Most helpful comment

Yes, that's definitely a good suggestion! The best way to implement this would be to add an option for setting a different attribute that the PhraseMatcher should match on – for example, LOWER instead of ORTH. The usage could look like this:

matcher = PhraseMatcher(nlp.vocab, attr='LOWER')  # string representing attribute from spacy.attrs

This would also allow a lot of other cool use cases - for example, you could pass in a Doc and match phrases with the same part-of-speech tags or dependency labels. Using it with the SHAPE could be pretty powerful, too. Like, if you're matching phone numbers or something like that, you won't have to come up with complex token patterns. Instead, you simply feed the PhraseMatcher a bunch of examples.

ines on 15 Nov 2017

👍5

All 5 comments

matcher = PhraseMatcher(nlp.vocab, attr='LOWER')  # string representing attribute from spacy.attrs

ines on 15 Nov 2017

👍5

Sat down to try to implement this, and after some thought, there's no way to make it work unfortunately.

The PhraseMatcher relies on the fact that all tokens of the same type refer back to the same lexeme data. The types are indexed by the ORTH key, so that's the only key we can phrase-match over.

A quick reminder of how this works (I'd forgotten): We set flags onto the Lexeme objects indicating that the word can start, end or continue the phrase. Then we use the matcher over these flag sequences. We access the flag from the token, by fetching it from the token's lexeme.
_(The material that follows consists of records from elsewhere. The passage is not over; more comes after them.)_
lemma orthogonal_hatP_iff:
  assumes g: "\<And>m. integrable lborel (\<lambda>x. g x * cnj (gauss_poly (hermite m) x))"
  shows "(\<forall>q\<in>hatP N. l2_inner (\<lambda>x. g x - gauss_poly p x) q = 0)
    \<longleftrightarrow> (\<forall>m\<le>N. gauss_integral (p * hermite m) = l2_inner g (gauss_poly (hermite m)))"
proof -
  have integrable:
    "integrable lborel (\<lambda>x. (g x - gauss_poly p x) * cnj (gauss_poly (hermite m) x))" for m
    using g integrable_gauss_poly_hermite by (rule integrable_mult_cnj_diff_left)
  have inner_hermite: "l2_inner (\<lambda>x. g x - gauss_poly p x) (gauss_poly (hermite m))
      = l2_inner g (gauss_poly (hermite m)) - gauss_integral (p * hermite m)" for m
    by (simp add: l2_inner_diff_left[OF g integrable_gauss_poly_hermite] l2_inner_gauss_poly_hermite)
  have "l2_inner (\<lambda>x. g x - gauss_poly p x) q = 0"
    if q: "q \<in> hatP N"
      and coeffs: "\<forall>m\<le>N. gauss_integral (p * hermite m) = l2_inner g (gauss_poly (hermite m))"
    for q
  proof -
    obtain r where "q = gauss_poly r" "degree r \<le> N"
      using q hatP_iff by blast
    moreover obtain d where "r = (\<Sum>m\<le>N. smult (d m) (hermite m))"
      using hermite_span \<open>degree r \<le> N\<close> by blast
    ultimately have "q = (\<lambda>x. \<Sum>m\<le>N. d m * gauss_poly (hermite m) x)"
      by (simp add: gauss_poly_sum fun_eq_iff)
    then show ?thesis
      using coeffs by (simp add: l2_inner_sum_right integrable inner_hermite)
  qed
  moreover have "gauss_poly (hermite m) \<in> hatP N" if "m \<le> N" for m
    using that by (simp add: gauss_poly_in_hatP)
  ultimately show ?thesis
    using inner_hermite by fastforce
qed

lemma hermite_series_orthogonal:
  assumes "\<And>m. integrable lborel (\<lambda>x. g x * cnj (gauss_poly (hermite m) x))"
  shows "\<forall>q\<in>hatP N. l2_inner (\<lambda>x. g x - gauss_poly (hermite_series N g) x) q = 0"
  using gauss_integral_hermite_series_mult_hermite by (simp add: orthogonal_hatP_iff[OF assms])

lemma hatPi_eq_hermite_series:
  assumes g: "\<And>m. integrable lborel (\<lambda>x. g x * cnj (gauss_poly (hermite m) x))"
  shows "hatPi N g = gauss_poly (hermite_series N g)"
  unfolding hatPi_def
proof (rule the_equality)
  show "gauss_poly (hermite_series N g) \<in> hatP N
      \<and> (\<forall>q\<in>hatP N. l2_inner (\<lambda>x. g x - gauss_poly (hermite_series N g) x) q = 0)"
    using g by (simp add: gauss_poly_in_hatP degree_hermite_series hermite_series_orthogonal)
next
  fix P
  assume P: "P \<in> hatP N \<and> (\<forall>q\<in>hatP N. l2_inner (\<lambda>x. g x - P x) q = 0)"
  then obtain p where p: "P = gauss_poly p" "degree p \<le> N"
    using hatP_iff by blast
  with P have "\<forall>m\<le>N. gauss_integral (p * hermite m) = l2_inner g (gauss_poly (hermite m))"
    using orthogonal_hatP_iff[OF g] by blast
  then have "p - hermite_series N g = 0"
    using p degree_hermite_series
    by (intro poly_eq_0_if_orthogonal_hermite[of _ N])
      (auto simp: degree_diff_le mult.commute[of "hermite _"] left_diff_distrib gauss_integral_diff
        gauss_integral_hermite_series_mult_hermite)
  then show "P = gauss_poly (hermite_series N g)"
    using p by simp
qed

lemma l2_norm_sub_hatPi_sq:
  assumes g: "\<And>m. integrable lborel (\<lambda>x. g x * cnj (gauss_poly (hermite m) x))"
    and g_sq: "integrable lborel (\<lambda>x. (cmod (g x))\<^sup>2)"
  shows "(l2_norm (\<lambda>x. g x - hatPi N g x))\<^sup>2
    = (l2_norm g)\<^sup>2
      - (\<Sum>m\<le>N. (cmod (l2_inner g (gauss_poly (hermite m))))\<^sup>2 / hermite_sq_norm m)"
proof -
  define c where "c m = l2_inner g (gauss_poly (hermite m))" for m
  define P where "P = gauss_poly (hermite_series N g)"
  have P_sum: "P = (\<lambda>x. \<Sum>m\<le>N. c m / hermite_sq_norm m * gauss_poly (hermite m) x)"
    by (simp add: P_def hermite_series_def gauss_poly_sum c_def fun_eq_iff)
  have gg: "integrable lborel (\<lambda>x. g x * cnj (g x))"
    unfolding complex_norm_square[symmetric] using g_sq by (rule integrable_of_real)
  have gP: "integrable lborel (\<lambda>x. g x * cnj (P x))"
    unfolding P_def using g by (rule integrable_mult_cnj_gauss_poly)
  have PP: "integrable lborel (\<lambda>x. P x * cnj (P x))"
    unfolding P_def using integrable_gauss_poly_hermite by (rule integrable_mult_cnj_gauss_poly)
  have hg: "integrable lborel (\<lambda>x. gauss_poly (hermite m) x * cnj (g x))" for m
    using g by (rule integrable_mult_cnj_commute)
  have Pg: "integrable lborel (\<lambda>x. P x * cnj (g x))"
    using gP by (rule integrable_mult_cnj_commute)
  have "l2_inner (\<lambda>x. g x - P x) P = 0"
    using hermite_series_orthogonal[OF g] gauss_poly_in_hatP[OF degree_hermite_series]
    by (simp add: P_def)
  then have "of_real ((l2_norm (\<lambda>x. g x - P x))\<^sup>2) = l2_inner (\<lambda>x. g x - P x) g"
    using l2_inner_diff_right[OF integrable_mult_cnj_diff_left[OF gg Pg]
        integrable_mult_cnj_diff_left[OF gP PP]]
    by (simp add: l2_inner_self)
  also have "\<dots> = l2_inner g g - l2_inner P g"
    by (rule l2_inner_diff_left[OF gg Pg])
  also have "l2_inner P g = (\<Sum>m\<le>N. c m / hermite_sq_norm m * cnj (c m))"
    unfolding P_sum c_def
    by (subst l2_inner_sum_left) (auto simp: hg l2_inner_commute[of "gauss_poly _"])
  also have "\<dots> = of_real (\<Sum>m\<le>N. (cmod (c m))\<^sup>2 / hermite_sq_norm m)"
    by (simp flip: complex_norm_square)
  finally have "complex_of_real ((l2_norm (\<lambda>x. g x - P x))\<^sup>2)
      = of_real ((l2_norm g)\<^sup>2 - (\<Sum>m\<le>N. (cmod (c m))\<^sup>2 / hermite_sq_norm m))"
    by (simp only: l2_inner_self of_real_diff)
  then show ?thesis
    unfolding of_real_eq_iff c_def P_def hatPi_eq_hermite_series[OF g] .
qed

section \<open>The wave packet g_{k,s}\<close>

lemma gks_mult_cnj_gauss_poly_hermite:
  "gks k s x * cnj (gauss_poly (hermite m) x)
     = of_real (exp (- s\<^sup>2 / 2)) * gauss_exp_poly (s + \<i> * k) (hermite m) x"
proof -
  have "exp (complex_of_real (- ((x - s)\<^sup>2) / 2) + \<i> * of_real (k * x))
        * of_real (exp (- (x\<^sup>2) / 2))
      = exp (of_real (- ((x - s)\<^sup>2) / 2) + \<i> * of_real (k * x) + of_real (- (x\<^sup>2) / 2))"
    by (simp only: exp_add exp_of_real)
  also have "of_real (- ((x - s)\<^sup>2) / 2) + \<i> * of_real (k * x) + of_real (- (x\<^sup>2) / 2)
      = of_real (- s\<^sup>2 / 2) + of_real (- x\<^sup>2) + (of_real s + \<i> * of_real k) * complex_of_real x"
    by (simp add: complex_eq_iff power2_eq_square field_simps)
  also have "exp \<dots>
      = of_real (exp (- s\<^sup>2 / 2)) * of_real (exp (- x\<^sup>2)) * exp ((of_real s + \<i> * of_real k) * of_real x)"
    by (simp only: exp_add exp_of_real)
  finally show ?thesis
    unfolding gks_def gauss_poly_def gauss_exp_poly_def complex_cnj_mult complex_cnj_complex_of_real
      cnj_poly_hermite
    by (simp only: mult.assoc[symmetric])
qed

lemma has_bochner_integral_gks_hermite:
  "has_bochner_integral lborel (\<lambda>x. gks k s x * cnj (gauss_poly (hermite m) x))
     (of_real (exp (- s\<^sup>2 / 2)) * (sqrt pi * (s + \<i> * k) ^ m * exp ((s + \<i> * k)\<^sup>2 / 4)))"
  unfolding gks_mult_cnj_gauss_poly_hermite
  by (intro has_bochner_integral_mult_right has_bochner_integral_gauss_exp_hermite)
(* (i) The Max-Egal objective is subject to 1-safe UB-improvement by a manipulator $m^-$ over directed networks. (ii) The At-least-1 objective is subject to 1-safe UB-improvement by a manipulator $m^+$ over undirected networks. Here "subject to 1-safe UB-improvement" means: there exist $k$, a network $G$ of the stated type, an agent $m$ and a manipulation $r_m$ of the stated kind such that for every possible network $\overline{G_1}$ of the distance-1 partial network $G_1$ of $m$, \[\max_{P\in O(\overline{G_1}^m)} u(m,P)\ge\max_{P\in O(\overline{G_1})} u(m,P),\] and for at least one possible network $\overline{G_1}$ the inequality is strict.
   Context: Agents $A=\{a_1,\dots,a_n\}$ (finite); the social network $G=\langle A,E\rangle$ is a directed or undirected graph without self-loops; $N(a)$ is the set of (out-)neighbours of $a$. For $C\ni a$, $u(a,C)=|C\cap N(a)|$. For $0<k\le n$, $\Pi_k$ is the set of partitions of $A$ into exactly $k$ nonempty coalitions, and $u(a,P)=u(a,C)$ for the $C\in P$ containing $a$. Objectives: Max-Egal — $O(G)$ is the set of $P\in\Pi_k$ maximizing $\min_{a}u(a,P)$; At-least-1 — $O(G)$ is the set of $P\in\Pi_k$ in which every agent has utility $\ge1$, and if none exists $O(G)=\emptyset$ and all utilities (hence min and max over $O(G)$) are taken as $0$. Manipulator types: $m^-$ removes edges (in directed networks only outgoing edges $(m,a)\in E$); $m^+$ adds edges (in undirected networks any new edge $\{m,a\}$). The manipulator's utility $u(m,P)$ is computed with respect to his true neighbours. Limited information: let $A_0=\{m\}$ and $E_1\subseteq E$ the set of edges with an endpoint in $A_0$; $G_1=(A,E_1)$ is the partial network known to $m$ (distance 1); $m$ knows all agents of $A$. A possible network of $G_1$ is $\overline{G_1}=(A,E_1\cup E')$ where no edge of $E'$ has an endpoint in $A_0$. $\overline{G_1}^m$ denotes the result of applying the manipulation $r_m$ (the same added/removed edges at $m$) to $\overline{G_1}$, and $u(m,P)$ there is computed with $m$'s true neighbours. *)

theory Defs
  imports "HOL-Library.Disjoint_Sets"
begin
theorem mainTheorem15:
  shows "bij_betw (\<lambda>(f, z1, z2, z3, w1, w2). (z1, z2, z3, w1, w2)) Rat2_tm admissible
         \<and> open5 admissible"
proof
  show "bij_betw (\<lambda>(f, z1, z2, z3, w1, w2). (z1, z2, z3, w1, w2)) Rat2_tm admissible"
    by (rule bij_betw_byWitness[where
          f' = "\<lambda>(z1, z2, z3, w1, w2). (marked_map z1 z2 z3 w1 w2, z1, z2, z3, w1, w2)"])
      (auto simp: Rat2_tm_marked_map marked_map_Rat2_tm)
  show "open5 admissible"
    by (rule open5_admissible)
qed

end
For lower-case matching, we would have to look up the lexeme via the vocab, and check the flag there. I think this would be no more efficient than the Matcher.

honnibal on 23 Nov 2017

Eventually, I added each pattern 4 times to PhraseMatcher:

Without change
Lower
Upper
Title

eranhirs on 23 Nov 2017

👍2

@eranhirs Yes, this is probably the best solution for now – even if you're adding 4 times as many patterns, it should still be significantly more efficient than adding one single token pattern.

ines on 26 Nov 2017

👍1

This thread has been automatically locked since there has not been any recent activity after it was closed. Please open a new issue for related bugs.